WORK INSTRUCTIONS:
Copy each line of the entries that contains the word "forall".
START RECORDS SUPPLIED
lemma rbm_mass_agrees:
  assumes "D \<subseteq> {..<n}" "\<forall>i\<in>D. v i \<in> {-1, 1}"
  shows "rbm_mass n m J h g (agrees D v) = (\<Sum>y\<in>cube m. clamped_weight n m J h g D v y)"
proof -
  define C where "C i = (if i \<in> D then {v i} else {-1, 1::real})" for i
  have "{x\<in>cube n. agrees D v x} = PiE {..<n} C"
    using assms unfolding cube_def spins_def C_def agrees_def PiE_def Pi_def
    by (auto simp: atLeast0LessThan) metis
  then have "rbm_mass n m J h g (agrees D v) = (\<Sum>x\<in>PiE {..<n} C. \<Sum>y\<in>cube m. rbm_weight n m J h g x y)"
    unfolding rbm_mass_def by simp
  also have "\<dots> = (\<Sum>y\<in>cube m. \<Sum>x\<in>PiE {..<n} C. rbm_weight n m J h g x y)"
    by (rule sum.swap)
  also have "\<dots> = (\<Sum>y\<in>cube m. exp (\<Sum>j<m. g j * y j) *
      (\<Sum>x\<in>PiE {..<n} C. \<Prod>i<n. exp (x i * obs_field m J h i y)))"
    by (simp add: rbm_weight_eq_prod sum_distrib_left)
  also have "\<dots> = (\<Sum>y\<in>cube m. exp (\<Sum>j<m. g j * y j) *
      (\<Prod>i<n. \<Sum>s\<in>C i. exp (s * obs_field m J h i y)))"
    by (subst prod_sum_PiE) (auto simp: C_def)
  also have "\<dots> = (\<Sum>y\<in>cube m. clamped_weight n m J h g D v y)"
    unfolding clamped_weight_def by (intro sum.cong refl arg_cong2[where f="(*)"] prod.cong) (auto simp: C_def obs_norm_def)
  finally show ?thesis .
qed

lemma clamped_weight_pos: "clamped_weight n m J h g D v y > 0"
  unfolding clamped_weight_def by (auto intro!: mult_pos_pos prod_pos obs_norm_pos)

lemma clamped_weight_Un:
  assumes "T \<subseteq> {..<n}" "D \<inter> T = {}"
  shows "clamped_weight n m J h g (D \<union> T) (\<lambda>i. if i \<in> T then G i else v i) y =
    clamped_weight n m J h g D v y * (\<Prod>i\<in>T. obs_cond m J h i (G i) y)"
proof -
  have key: "obs_norm m J h i y * obs_cond m J h i s y = exp (s * obs_field m J h i y)" for i s
    by (simp add: obs_cond_def obs_norm_nonzero)
  have "(\<Prod>i<n. if i \<in> D \<union> T then exp ((if i \<in> T then G i else v i) * obs_field m J h i y) else obs_norm m J h i y) =
      (\<Prod>i<n. (if i \<in> D then exp (v i * obs_field m J h i y) else obs_norm m J h i y) *
        (if i \<in> T then obs_cond m J h i (G i) y else 1))"
    using assms(2) by (intro prod.cong refl) (auto simp: key)
  also have "\<dots> = (\<Prod>i<n. if i \<in> D then exp (v i * obs_field m J h i y) else obs_norm m J h i y) *
      (\<Prod>i\<in>T. obs_cond m J h i (G i) y)"
    by (simp add: prod.distrib prod.inter_restrict[symmetric] Int_absorb1[OF assms(1)])
  finally show ?thesis unfolding clamped_weight_def by (simp add: mult.assoc)
qed

lemma rbm_mass_agrees_Un:
  assumes "D \<union> T \<subseteq> {..<n}" "D \<inter> T = {}" "\<forall>i\<in>D. v i \<in> {-1, 1}" "\<forall>i\<in>T. G i \<in> {-1, 1}"
  shows "rbm_mass n m J h g (\<lambda>x. agrees D v x \<and> agrees T G x) =
    (\<Sum>y\<in>cube m. clamped_weight n m J h g D v y * (\<Prod>i\<in>T. obs_cond m J h i (G i) y))"
proof -
  define v' where "v' i = (if i \<in> T then G i else v i)" for i
  have "(\<lambda>x. agrees D v x \<and> agrees T G x) = agrees (D \<union> T) v'"
    using assms(2) unfolding agrees_def v'_def by auto
  then have "rbm_mass n m J h g (\<lambda>x. agrees D v x \<and> agrees T G x) = rbm_mass n m J h g (agrees (D \<union> T) v')"
    by simp
  also have "\<dots> = (\<Sum>y\<in>cube m. clamped_weight n m J h g (D \<union> T) v' y)"
    using assms by (intro rbm_mass_agrees) (auto simp: v'_def)
  also have "\<dots> = (\<Sum>y\<in>cube m. clamped_weight n m J h g D v y * (\<Prod>i\<in>T. obs_cond m J h i (G i) y))"
    using assms unfolding v'_def by (simp add: clamped_weight_Un)
  finally show ?thesis .
qed

lemma rbm_mass_agrees_pos:
  assumes "D \<subseteq> {..<n}" "\<forall>i\<in>D. v i \<in> {-1, 1}"
  shows "rbm_mass n m J h g (agrees D v) > 0"
  unfolding rbm_mass_agrees[OF assms] by (rule sum_pos[OF finite_cube cube_nonempty clamped_weight_pos])

lemma rbm_mass_True_pos: "rbm_mass n m J h g (\<lambda>_. True) > 0"
proof -
  have "(\<lambda>_. True) = agrees {} v" for v :: "nat \<Rightarrow> real"
    by (rule ext) (simp add: agrees_def)
  then show ?thesis using rbm_mass_agrees_pos[of "{}" n] by simp
qed

lemma rbm_cond_eq_mass_ratio:
  "rbm_cond n m J h g E S xS =
    rbm_mass n m J h g (\<lambda>x. E x \<and> agrees S xS x) / rbm_mass n m J h g (agrees S xS)"
proof -
  have "rbm_prob n m J h g E' = rbm_mass n m J h g E' / rbm_mass n m J h g (\<lambda>_. True)" for E'
    unfolding rbm_prob_def rbm_pX_def rbm_mass_def by (simp add: sum_divide_distrib)
  moreover have "rbm_mass n m J h g (\<lambda>_. True) \<noteq> 0"
    using rbm_mass_True_pos[of n m J h g] by simp
  ultimately show ?thesis
    unfolding rbm_cond_def by simp
qed

lemma nu_pt_eq_weighted_moment:
  assumes "u < n" "S \<subseteq> {0..<n}" "u \<notin> S" "r \<in> {-1, 1}" "xS \<in> spins S"
  obtains a Q where "Q > 0"
    "\<And>T G. T \<subseteq> {0..<n} - insert u S \<Longrightarrow> \<forall>i\<in>T. G i \<in> {-1, 1} \<Longrightarrow>
       nu_pt n m J h g u T S r G xS =
         \<bar>weighted_moment (cube m) a (\<lambda>i. obs_cond m J h i (G i)) T\<bar> / Q"
proof -
  define w where "w = xS(u := r)"
  define M where "M D T G = (\<Sum>y\<in>cube m. clamped_weight n m J h g D w y * (\<Prod>i\<in>T. obs_cond m J h i (G i) y))"
    for D T G
  define Q2 where "Q2 = M S {} w"
  define Q3 where "Q3 = M (insert u S) {} w"
  define a where "a y = clamped_weight n m J h g (insert u S) w y * Q2 - Q3 * clamped_weight n m J h g S w y" for y
  have w: "\<forall>i\<in>insert u S. w i \<in> {-1, 1}"
    using assms unfolding w_def spins_def by auto
  have mass: "rbm_mass n m J h g (\<lambda>x. agrees D w x \<and> agrees T G x) = M D T G"
    if "D \<in> {S, insert u S}" "T \<subseteq> {0..<n} - insert u S" "\<forall>i\<in>T. G i \<in> {-1, 1}" for D T G
    unfolding M_def using that assms w by (intro rbm_mass_agrees_Un) auto
  have "Q2 > 0"
    unfolding Q2_def M_def by (simp add: sum_pos finite_cube cube_nonempty clamped_weight_pos)
  have "nu_pt n m J h g u T S r G xS = \<bar>weighted_moment (cube m) a (\<lambda>i. obs_cond m J h i (G i)) T\<bar> / Q2\<^sup>2"
    if T: "T \<subseteq> {0..<n} - insert u S" "\<forall>i\<in>T. G i \<in> {-1, 1}" for T G
  proof -
    have "(\<lambda>x. (x u = r \<and> agrees T G x) \<and> agrees S xS x) = (\<lambda>x. agrees (insert u S) w x \<and> agrees T G x)"
         "(\<lambda>x. x u = r \<and> agrees S xS x) = (\<lambda>x. agrees (insert u S) w x \<and> agrees {} w x)"
         "(\<lambda>x. agrees T G x \<and> agrees S xS x) = (\<lambda>x. agrees S w x \<and> agrees T G x)"
         "agrees S xS = (\<lambda>x. agrees S w x \<and> agrees {} w x)"
      using assms unfolding agrees_def w_def by auto
    then have "nu_pt n m J h g u T S r G xS =
        \<bar>M (insert u S) T G / Q2 - Q3 / Q2 * (M S T G / Q2)\<bar>"
      using T mass unfolding nu_pt_def rbm_cond_eq_mass_ratio Q2_def Q3_def by simp
    also have "\<dots> = \<bar>M (insert u S) T G * Q2 - Q3 * M S T G\<bar> / Q2\<^sup>2"
      using \<open>Q2 > 0\<close> by (simp add: field_simps power2_eq_square)
    also have "M (insert u S) T G * Q2 - Q3 * M S T G = weighted_moment (cube m) a (\<lambda>i. obs_cond m J h i (G i)) T"
      unfolding M_def a_def weighted_moment_def
      by (simp add: sum_distrib_left sum_distrib_right sum_subtractf[symmetric] algebra_simps)
    finally show ?thesis .
  qed
  with \<open>Q2 > 0\<close> show ?thesis
    by (intro that[where a=a and Q="Q2\<^sup>2"]) auto
qed

section \<open>Reduction to small subsets\<close>

definition latent_nbrs :: "nat \<Rightarrow> (nat \<Rightarrow> nat \<Rightarrow> real) \<Rightarrow> nat set \<Rightarrow> nat set" where
  "latent_nbrs m J I = {j\<in>{0..<m}. \<exists>i\<in>I. J i j \<noteq> 0}"

lemma card_restrict_cube_le:
  assumes "A \<subseteq> {0..<m}"
  shows "card ((\<lambda>y. restrict y A) ` cube m) \<le> 2 ^ card A"
proof -
  have "(\<lambda>y. restrict y A) ` cube m \<subseteq> spins A"
    using assms by (auto simp: cube_def spins_def restrict_PiE_iff PiE_iff)
  then have "card ((\<lambda>y. restrict y A) ` cube m) \<le> card (spins A)"
    using assms by (intro card_mono finite_spins) (auto intro: finite_subset)
  also have "\<dots> = 2 ^ card A"
    using assms by (intro card_spins) (auto intro: finite_subset)
  finally show ?thesis .
qed

lemma card_latent_nbrs_le_rbm_s:
  assumes "u < n" "I \<subseteq> mrf_nbhd n m J h g u"
  shows "card (latent_nbrs m J I) \<le> rbm_s n m J h g"
proof -
  have "card (latent_nbrs m J I) \<le> card {j\<in>{0..<m}. \<exists>i\<in>mrf_nbhd n m J h g u. J i j \<noteq> 0}"
    using assms(2) unfolding latent_nbrs_def by (intro card_mono) auto
  also have "\<dots> \<le> rbm_s n m J h g"
    unfolding rbm_s_def using assms(1) by (intro Max_ge insertI2 rev_image_eqI[of u]) simp_all
  finally show ?thesis .
qed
END RECORDS SUPPLIED
ANSWER AREA:
  assumes "D \<subseteq> {..<n}" "\<forall>i\<in>D. v i \<in> {-1, 1}"
  assumes "D \<union> T \<subseteq> {..<n}" "D \<inter> T = {}" "\<forall>i\<in>D. v i \<in> {-1, 1}" "\<forall>i\<in>T. G i \<in> {-1, 1}"
  assumes "D \<subseteq> {..<n}" "\<forall>i\<in>D. v i \<in> {-1, 1}"
    "\<And>T G. T \<subseteq> {0..<n} - insert u S \<Longrightarrow> \<forall>i\<in>T. G i \<in> {-1, 1} \<Longrightarrow>
  have w: "\<forall>i\<in>insert u S. w i \<in> {-1, 1}"
    if "D \<in> {S, insert u S}" "T \<subseteq> {0..<n} - insert u S" "\<forall>i\<in>T. G i \<in> {-1, 1}" for D T G
    if T: "T \<subseteq> {0..<n} - insert u S" "\<forall>i\<in>T. G i \<in> {-1, 1}" for T G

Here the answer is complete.